Как же я упустила из виду деньги? Ведь это тоже возможный мотив!
– В деле про эти деньги нет ни слова, – выпалила я. – И соседка Черненко, которая живёт в квартире над деканом, вспоминала, что уже после ухода Мызина слышала хлопок профессорской двери и видела парня, который на этаже убитого профессора матерился и ждал лифт. Думаю, это был Гарик, вернувшийся за деньгами.
– А ведь я получил ответ на запрос в МТС, – помолчав, проговорил Борис. – И знаешь, Агата, что нам ответили простые российские операторы сотовой связи?
– Борька, злодей, не томи, – принялась я теребить друга.
– Это нереальная фигня, но профессор Черненко действительно звонил Гарику Миносяну накануне убийства. Не знаю, о чём они разговаривали, но беседа была не слишком-то продолжительной – всего две минуты.
– Как странно, – протянула я, не ожидая такого поворота. Ведь я была на сто процентов уверена, что Миносян мне врёт про звонок декана. – Слушай, Борь, а вдруг профессор действительно взяточник, что тогда?

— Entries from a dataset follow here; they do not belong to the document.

(* Let $n\ge4$ and let $W_n$ be the wheel graph on $n$ vertices with Laplacian matrix \[L=\left[\begin{array}{c|c} n-1 & -\mathbf{1}^T \\ \hline -\mathbf{1} & B \end{array}\right],\] where $B$ is the circulant matrix $\mathrm{circ}(3,-1,0,\ldots,0,-1)$ of order $n-1$. Then the Moore–Penrose inverse of $L$ is \[L^+=\frac{1}{n^2}\left[\begin{array}{c|c} n-1 & -\mathbf{1}^T \\ \hline -\mathbf{1} & -J_{n-1}-nX \end{array}\right],\] where, with $C=\mathrm{circ}(1,0,\ldots,0,-1)$ of order $n-1$, $X=(CC^T+I_{n-1})^{-1}\left[J_{n-1}-nI_{n-1}\right]=\mathrm{circ}(b_0,b_1,\ldots,b_{n-2})$ with, for $j=0,\ldots,n-2$, \[b_j=1+\frac{n2^{n-1-j}}{\sqrt{5}}\left[\frac{(3+\sqrt{5})^j}{2^{n-1}-(3+\sqrt{5})^{n-1}}-\frac{(3-\sqrt{5})^j}{2^{n-1}-(3-\sqrt{5})^{n-1}}\right].\]
   Context: The wheel graph $W_n$ ($n\ge4$) is a cycle on $n-1$ vertices together with a hub vertex adjacent to every cycle vertex; in the displayed form the hub is listed first and the cycle vertices follow in cyclic order. The Laplacian is $L=D-A$, where $A$ is the adjacency matrix and $D$ the diagonal degree matrix. For $c_0,\dots,c_{k-1}$, $\mathrm{circ}(c_0,\ldots,c_{k-1})$ denotes the $k\times k$ circulant matrix whose $(i,j)$-entry is $c_{(j-i)\bmod k}$. $\mathbf 1$ is the all-ones column vector of length $n-1$, $J_{n-1}$ the $(n-1)\times(n-1)$ all-ones matrix, $I_{n-1}$ the identity. The Moore–Penrose inverse $A^+$ of a real matrix $A$ is the unique matrix with $AA^+A=A$, $A^+AA^+=A^+$, $(AA^+)^T=AA^+$, $(A^+A)^T=A^+A$. *)

theory Defs
  imports "Jordan_Normal_Form.Matrix"
begin

text \<open>Wheel graph W_n on vertices 0..n-1: vertex 0 is the hub, vertices 1..n-1 form a
  cycle in this cyclic order.\<close>
definition wheel_adj :: "nat \<Rightarrow> nat \<Rightarrow> nat \<Rightarrow> bool" where
  "wheel_adj n i j \<longleftrightarrow>
     (i = 0 \<and> j \<noteq> 0) \<or> (i \<noteq> 0 \<and> j = 0) \<or>
     (i \<noteq> 0 \<and> j \<noteq> 0 \<and>
        ((int i - int j) mod int (n - 1) = 1 \<or> (int j - int i) mod int (n - 1) = 1))"

definition adjacency_mat :: "nat \<Rightarrow> (nat \<Rightarrow> nat \<Rightarrow> bool) \<Rightarrow> real mat" where
  "adjacency_mat n E = mat n n (\<lambda>(i, j). if E i j then 1 else 0)"

definition degree_mat :: "nat \<Rightarrow> (nat \<Rightarrow> nat \<Rightarrow> bool) \<Rightarrow> real mat" where
  "degree_mat n E = mat n n (\<lambda>(i, j). if i = j then real (card {k. k < n \<and> E i k}) else 0)"

definition laplacian_mat :: "nat \<Rightarrow> (nat \<Rightarrow> nat \<Rightarrow> bool) \<Rightarrow> real mat" where
  "laplacian_mat n E = degree_mat n E - adjacency_mat n E"

definition circ :: "nat \<Rightarrow> (nat \<Rightarrow> real) \<Rightarrow> real mat" where
  "circ k c = mat k k (\<lambda>(i, j). c (nat ((int j - int i) mod int k)))"

definition all_ones_mat :: "nat \<Rightarrow> nat \<Rightarrow> real mat" where
  "all_ones_mat r s = mat r s (\<lambda>_. 1)"

definition mat_inv :: "real mat \<Rightarrow> real mat" where
  "mat_inv A = (THE B. B \<in> carrier_mat (dim_row A) (dim_row A) \<and>
                       A * B = 1\<^sub>m (dim_row A) \<and> B * A = 1\<^sub>m (dim_row A))"

definition is_moore_penrose :: "real mat \<Rightarrow> real mat \<Rightarrow> bool" where
  "is_moore_penrose A G \<longleftrightarrow> G \<in> carrier_mat (dim_col A) (dim_row A) \<and>
     A * G * A = A \<and> G * A * G = G \<and>
     transpose_mat (A * G) = A * G \<and> transpose_mat (G * A) = G * A"

definition moore_penrose :: "real mat \<Rightarrow> real mat" where
  "moore_penrose A = (THE G. is_moore_penrose A G)"

end

theory Submission
  imports Defs "Jordan_Normal_Form.Determinant"
begin

text \<open>
  Write m = n - 1. The wheel Laplacian is the bordered matrix L = [[m, -1^T], [-1, B]], where
  B = C C^T + I is the identity plus the Laplacian of the rim cycle; in particular B has unit row
  and column sums. For any such B with inverse D, the matrix
  G = [[m/n^2, -1^T/n^2], [-1/n^2, D - (n + 1)/n^2 J]] satisfies L G = G L = P, P L = L and P G = G
  for the symmetric projection P = I - J/n, so G is the Moore-Penrose inverse of L; since
  X = D (J - n I) = J - n D, this is the stated block form.
  The rim matrix B = 3 I - S - S^-1 (S the cyclic shift) is inverted by the circulant whose first
  row is the periodic Green's function d_j = (p^j/(1 - p^m) - q^j/(1 - q^m))/(q - p), where
  p, q = (3 +- sqrt 5)/2 are the roots of x^2 - 3 x + 1; then b_j = 1 - n d_j is the stated
  closed form.
\<close>

definition const_mat :: "nat \<Rightarrow> nat \<Rightarrow> real \<Rightarrow> real mat" where
  "const_mat r s x = mat r s (\<lambda>_. x)"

– Тогда получается, что горбатого могила исправит, – пожал плечами приятель, стараясь сохранить равновесие. – Будучи аспирантом, насиловал лаборанток, стал профессором – переквалифицировался во взяточника. Но это вопрос десятый. Меня сейчас больше интересует, кто тиснул деньги из его квартиры.
– Если рассуждать логически, это могли сделать два человека, – я принялась на ходу загибать пальцы. – Во-первых, сам взяткодатель Миносян. Сначала кинул деньги в профессора, затем одумался и вернулся, чтобы их забрать. Возможно, Черненко был уже мёртв. А может, его только убивали, и Гарик видел, кто это делает. Вариант второй – деньги нашла сестра покойного, обнаружившая тело профессора. Ольга Михайловна собрала купюры и припрятала в надёжном месте, даже не упомянув при следователе Седых об их существовании. Вот, пожалуй, и всё.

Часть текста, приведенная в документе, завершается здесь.